Pierre Bérégovoy présente sa démission le 29 mars 1993, Edouard Balladur lui succède. La droite a opéré un véritable raz de marée dans les urnes, face à une gauche discréditée par les affaires. Et c’est l’ancien Premier ministre que l’on juge responsable de cet échec. Lors de son discours de politique générale, Edouard Balladur présente ce qui ressemble fortement à un réquisitoire contre le gouvernement sortant.

J’étais à côté de Pierre à l’Assemblée, et il s’est tourné vers moi en disant « A-t-on à ce point échoué ?" Et son visage était un visage de désespoir, de tristesse.

Jack Lang, Ministre d'État, de l'Éducation nationale et de la Culture dans le gouvernement Bérégovoy

Dans les couloirs de l’Assemblée Nationale à laquelle il siège en tant que député élu dans la première circonscription de la Nièvre, ses collègues dépeignent un abattement et une détresse qui l’empoisonnait. Jean Glavany, ancien secrétaire d’état à l’enseignement technique dans le gouvernement Bérégovoy se souvient : " Ceux qui comme moi, ses proches, l’avons accompagné dans ses dernières semaines, je le voyais tous les jours, et on a vu qu’il partait dans un tunnel où personne ne pouvait aller le rechercher." Au-delà d’une défaite politique, il a également vécu l’abandon de ses pairs, " les socialistes n’ont pas été à la hauteur" selon Jack Lang.

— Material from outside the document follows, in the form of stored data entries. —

section \<open>The coproduct of C\<close>

lemma DeltaG_perm_apply:
  assumes "is_perm \<sigma>"
  shows "DeltaG \<sigma> (\<alpha>, \<beta>) = of_bool (splits_into \<sigma> \<alpha> \<beta>)"
proof -
  have "tensor (G (filter (\<lambda>x. x \<le> k) \<sigma>)) (G (std (filter (\<lambda>x. k < x) \<sigma>))) (\<alpha>, \<beta>)
      = (if k = length \<alpha> then of_bool (splits_into \<sigma> \<alpha> \<beta>) else 0)"
    if "k \<in> {0..length \<sigma>}" for k
    using that length_filter_le_perm[OF assms, of k]
    by (auto simp: tensor_def G_def splits_into_def)
  then have "DeltaG \<sigma> (\<alpha>, \<beta>)
      = (\<Sum>k\<in>{0..length \<sigma>}. if k = length \<alpha> then of_bool (splits_into \<sigma> \<alpha> \<beta>) else 0)"
    unfolding DeltaG_def by (rule sum.cong[OF refl])
  also have "\<dots> = of_bool (splits_into \<sigma> \<alpha> \<beta>)"
    using splits_into_perm(3)[OF assms, of \<alpha> \<beta>] by auto
  finally show ?thesis .
qed

lemma finite_perms_SC: "finite {\<sigma>. is_perm \<sigma> \<and> SC \<sigma> = I}"
proof (rule finite_subset)
  show "{\<sigma>. is_perm \<sigma> \<and> SC \<sigma> = I} \<subseteq> {\<sigma>. set \<sigma> \<subseteq> {1..sum_list I} \<and> length \<sigma> = sum_list I}"
    using sum_list_SC by (fastforce simp: is_perm_def)
qed (rule finite_lists_length_eq, simp)

lemma Delta_C_apply_card:
  "Delta (C I) (\<alpha>, \<beta>) = of_nat (card {\<sigma>. is_perm \<sigma> \<and> SC \<sigma> = I \<and> splits_into \<sigma> \<alpha> \<beta>})"
proof -
  have "{\<sigma>. C I \<sigma> \<noteq> 0} = {\<sigma>. is_perm \<sigma> \<and> SC \<sigma> = I}"
    by (simp add: C_def)
  then have "Delta (C I) (\<alpha>, \<beta>) = (\<Sum>\<sigma>\<in>{\<sigma>. is_perm \<sigma> \<and> SC \<sigma> = I}. of_bool (splits_into \<sigma> \<alpha> \<beta>))"
    unfolding Delta_def by (intro sum.cong) (auto simp: C_def DeltaG_perm_apply)
  also have "\<dots> = of_nat (card {\<sigma>. is_perm \<sigma> \<and> SC \<sigma> = I \<and> splits_into \<sigma> \<alpha> \<beta>})"
    using finite_perms_SC by (simp add: Int_def conj_assoc)
  finally show ?thesis .
qed

definition coprod_coeff :: "nat list \<Rightarrow> nat list \<Rightarrow> nat list \<Rightarrow> nat" where
  "coprod_coeff I J K =
     (if is_composition J \<and> is_composition K \<and> sum_list J + sum_list K = sum_list I
      then card {w \<in> shuffle_words (sum_list J) (sum_list K).
                   merge_records False w (comp_marks J) (comp_marks K) = comp_marks I}
      else 0)"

Pierre Bérégovoy disparait le 1er mai 1993 à Nevers. Le pays est stupéfait par le suicide d'un homme encore Premier ministre un mois plus tôt. Les hommages pleuvent du côté du monde politique, mais également de la part de la société civile. Ses obsèques sont retransmises en direct à la télévision. À la question " qui a tué Pierre Bérégovoy ?", l’hommage poignant de François Mitterrand semble pointer du doigt les journalistes d'investigation, mais également l'opposition. 

Toutes les explications du monde ne justifieront pas que l’on ait pu livrer aux chiens l’honneur d’un homme et finalement sa vie au prix d’un double manquement de ses accusateurs aux lois fondamentales de notre République, celles qui protègent la dignité et la liberté de chacun d’entre nous.

François Mitterrand, ancien président de la République française

François Mitterand souligne l'injustice et les manières employées pour discréditer Pierre Bérégovoy. Il émet l'espoir de donner un autre sens à la vie politique et de continuer à s'affronter, tout en se respectant. Il y a 30 ans, on aurait pu penser que ce suicide était un avertissement sur les dérives de la classe politique et des médias. En 2023, la violence verbale et gestuelle n'a pas disparu du paysage politique, au contraire. Elle a été décuplée par les réseaux sociaux et est encore bien présente dans l'hémicycle. 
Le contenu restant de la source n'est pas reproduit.